(Collected data)
lemma Sigma_range:
  "\<sigma> \<in> Sigma n N \<Longrightarrow> f \<in> E N \<Longrightarrow> 0 \<le> \<sigma> f \<and> \<sigma> f < n"
  by (simp add: Sigma_def)

lemma Sigma_zero_iff_pos_edge:
  assumes "\<sigma> \<in> Sigma n N" "f \<in> E N"
  shows "\<sigma> f = 0 \<longleftrightarrow> \<sigma> (pos_edge f) = 0"
proof (cases "pos_edge f = f")
  case False
  then have "f = eneg (pos_edge f)"
    using pos_edge_cases by blast
  moreover have "pos_edge f \<in> E N"
    using assms(2) by (rule E_pos_edge)
  ultimately show ?thesis
    using Sigma_eneg[OF assms(1)] Sigma_range[OF assms(1)]
    by (smt (verit) zmod_zminus1_eq_if mod_pos_pos_trivial)
qed simp

lemma dsig_zero_iff_bdry_eneg:
  assumes "\<sigma> \<in> Sigma n N" "bdry q' \<subseteq> E N" "bdry q = eneg ` bdry q'"
  shows "dsig n \<sigma> q = 0 \<longleftrightarrow> dsig n \<sigma> q' = 0"
proof -
  have "inj eneg"
    by (metis eneg_eneg injI)
  then have "sum \<sigma> (bdry q) = (\<Sum>f\<in>bdry q'. \<sigma> (eneg f))"
    using assms(3) by (simp add: sum.reindex inj_on_subset)
  also have "\<dots> = (\<Sum>f\<in>bdry q'. (- \<sigma> f) mod n)"
    using Sigma_eneg assms(1,2) by (intro sum.cong) auto
  finally have "dsig n \<sigma> q = (\<Sum>f\<in>bdry q'. - \<sigma> f) mod n"
    by (simp add: dsig_def mod_sum_eq)
  also have "\<dots> = (- sum \<sigma> (bdry q')) mod n"
    by (simp add: sum_negf)
  finally show ?thesis
    by (simp add: dsig_def dvd_eq_mod_eq_0[symmetric])
qed

lemma dsig_pos_plaq_zero_iff:
  assumes "\<sigma> \<in> Sigma n N" "bdry p \<subseteq> E N"
  shows "dsig n \<sigma> (pos_plaq p) = 0 \<longleftrightarrow> dsig n \<sigma> p = 0"
proof (cases "bdry (pos_plaq p) = bdry p")
  case False
  then show ?thesis
    using bdry_pos_plaq_cases[of p] dsig_zero_iff_bdry_eneg[OF assms] by blast
qed (simp add: dsig_def)

lemma dsig_eq_single_edge:
  assumes "f \<in> bdry p" "\<forall>f'\<in>bdry p - {f}. \<sigma> f' = 0"
  shows "dsig n \<sigma> p = \<sigma> f mod n"
  using sum.remove[OF finite_bdry assms(1), of \<sigma>] assms(2) by (simp add: dsig_def)

lemma exists_other_edge_in_supp:
  assumes "e \<in> bdry p" "(dsig n \<sigma> p - \<sigma> e) mod n = g" "g \<noteq> 0"
  shows "\<exists>f\<in>bdry p. f \<noteq> e \<and> \<sigma> f \<noteq> 0"
proof (rule ccontr)
  assume "\<not> ?thesis"
  then have "dsig n \<sigma> p = \<sigma> e mod n"
    using dsig_eq_single_edge[OF assms(1)] by blast
  then show False
    using assms(2,3) by (simp add: mod_diff_left_eq)
qed

section \<open>The plaquettes through an edge\<close>

(* The positive plaquette spanned by the directions k and m that contains the edge (y, k) and
   lies on the side c \<in> {1, -1} of it in direction m. *)
definition plaq_around :: "vtx \<Rightarrow> nat \<Rightarrow> nat \<Rightarrow> int \<Rightarrow> plaq" where
  "plaq_around y k m c = (if c = 1 then y else unshift y m, min k m, max k m, True)"

definition transverse :: "nat \<Rightarrow> (nat \<times> int) set" where
  "transverse j = ({0..<4} - {j}) \<times> {1, -1}"

definition edge_box :: "vtx \<Rightarrow> nat \<Rightarrow> vtx set" where
  "edge_box x j = {v. v j - x j \<in> {0, 1} \<and> (\<forall>i. i \<noteq> j \<longrightarrow> \<bar>v i - x i\<bar> \<le> 1)}"

definition edge_box_edges :: "vtx \<Rightarrow> nat \<Rightarrow> edge set" where
  "edge_box_edges x j = {G. epos G \<and> evertices G \<subseteq> edge_box x j}"

lemma card_transverse: "j < 4 \<Longrightarrow> card (transverse j) = 6"
  by (simp add: transverse_def card_cartesian_product card_Diff_singleton)

lemma finite_transverse: "finite (transverse j)"
  by (simp add: transverse_def)

lemma is_plaq_plaq_around:
  "y \<in> Z4 \<Longrightarrow> k < 4 \<Longrightarrow> m < 4 \<Longrightarrow> m \<noteq> k \<Longrightarrow> is_plaq (plaq_around y k m c)"
  by (auto simp: plaq_around_def is_plaq_def unshift_def Z4_def)

lemma ppos_plaq_around [simp]: "ppos (plaq_around y k m c)"
  by (simp add: plaq_around_def)

lemma pos_plaq_plaq_around [simp]: "pos_plaq (plaq_around y k m c) = plaq_around y k m c"
  by (simp add: plaq_around_def)

lemma pos_edge_image_bdry_plaq_around:
  assumes "m \<noteq> k" "z = (if c = 1 then y else unshift y m)"
  shows "pos_edge ` bdry (plaq_around y k m c) =
    {(z, k, True), (shift z k, m, True), (shift z m, k, True), (z, m, True)}"
  using assms by (cases "k < m") (auto simp: plaq_around_def pos_edge_image_bdry min_def max_def)

lemma edge_in_plaq_around:
  assumes "m \<noteq> k" "c \<in> {1, -1}"
  shows "(y, k, True) \<in> pos_edge ` bdry (plaq_around y k m c)"
  using assms pos_edge_image_bdry_plaq_around[OF assms(1) refl] by auto

lemma vertices_plaq_around:
  assumes "m \<noteq> k" "c \<in> {1, -1}" "G \<in> pos_edge ` bdry (plaq_around y k m c)" "v \<in> evertices G"
  shows "v k - y k \<in> {0, 1} \<and> v m - y m \<in> {0, c} \<and> (\<forall>i. i \<noteq> k \<longrightarrow> i \<noteq> m \<longrightarrow> v i = y i)"
  using assms pos_edge_image_bdry_plaq_around[OF assms(1) refl]
  by (auto simp: shift_def unshift_def)

lemma far_vertex_plaq_around:
  assumes "m \<noteq> k" "c \<in> {1, -1}" "G \<in> pos_edge ` bdry (plaq_around y k m c)" "G \<noteq> (y, k, True)"
  shows "\<exists>v\<in>evertices G. v m = y m + c"
  using assms pos_edge_image_bdry_plaq_around[OF assms(1) refl]
  by (auto simp: shift_def unshift_def)

lemma plaq_around_edges_in_edge_box:
  assumes "(m, c) \<in> transverse j" "G \<in> pos_edge ` bdry (plaq_around x j m c)"
  shows "G \<in> edge_box_edges x j"
proof -
  have "v \<in> edge_box x j" if "v \<in> evertices G" for v
    using vertices_plaq_around[OF _ _ assms(2) that] assms(1)
    by (auto simp: transverse_def edge_box_def)
  then show ?thesis
    using assms(2) by (auto simp: edge_box_edges_def)
qed

lemma plaq_around_common_edge:
  assumes "(m, c) \<in> transverse j" "(m', c') \<in> transverse j" "(m, c) \<noteq> (m', c')"
    and "G \<in> pos_edge ` bdry (plaq_around x j m c)" "G \<in> pos_edge ` bdry (plaq_around x j m' c')"
  shows "G = (x, j, True)"
proof (rule ccontr)
  assume "G \<noteq> (x, j, True)"
  have m: "m \<noteq> j" "c \<in> {1, -1}" and m': "m' \<noteq> j" "c' \<in> {1, -1}"
    using assms(1,2) by (auto simp: transverse_def)
  obtain v where v: "v \<in> evertices G" "v m = x m + c"
    using far_vertex_plaq_around[OF m assms(4) \<open>G \<noteq> (x, j, True)\<close>] by blast
  have "v m' - x m' \<in> {0, c'}" "\<forall>i. i \<noteq> j \<longrightarrow> i \<noteq> m' \<longrightarrow> v i = x i"
    using vertices_plaq_around[OF m' assms(5) v(1)] by auto
  then show False
    using v(2) m(1,2) m'(2) assms(3) by (cases "m = m'") auto
qed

■ Exercise details ■
When a line in the data holds the word "then", show that line.

■ Answer to the exercise ■
  then have "f = eneg (pos_edge f)"
  then have "sum \<sigma> (bdry q) = (\<Sum>f\<in>bdry q'. \<sigma> (eneg f))"
  then show ?thesis
  then have "dsig n \<sigma> p = \<sigma> e mod n"
  then show False
  "plaq_around y k m c = (if c = 1 then y else unshift y m, min k m, max k m, True)"
  assumes "m \<noteq> k" "z = (if c = 1 then y else unshift y m)"
  then show ?thesis
  then show False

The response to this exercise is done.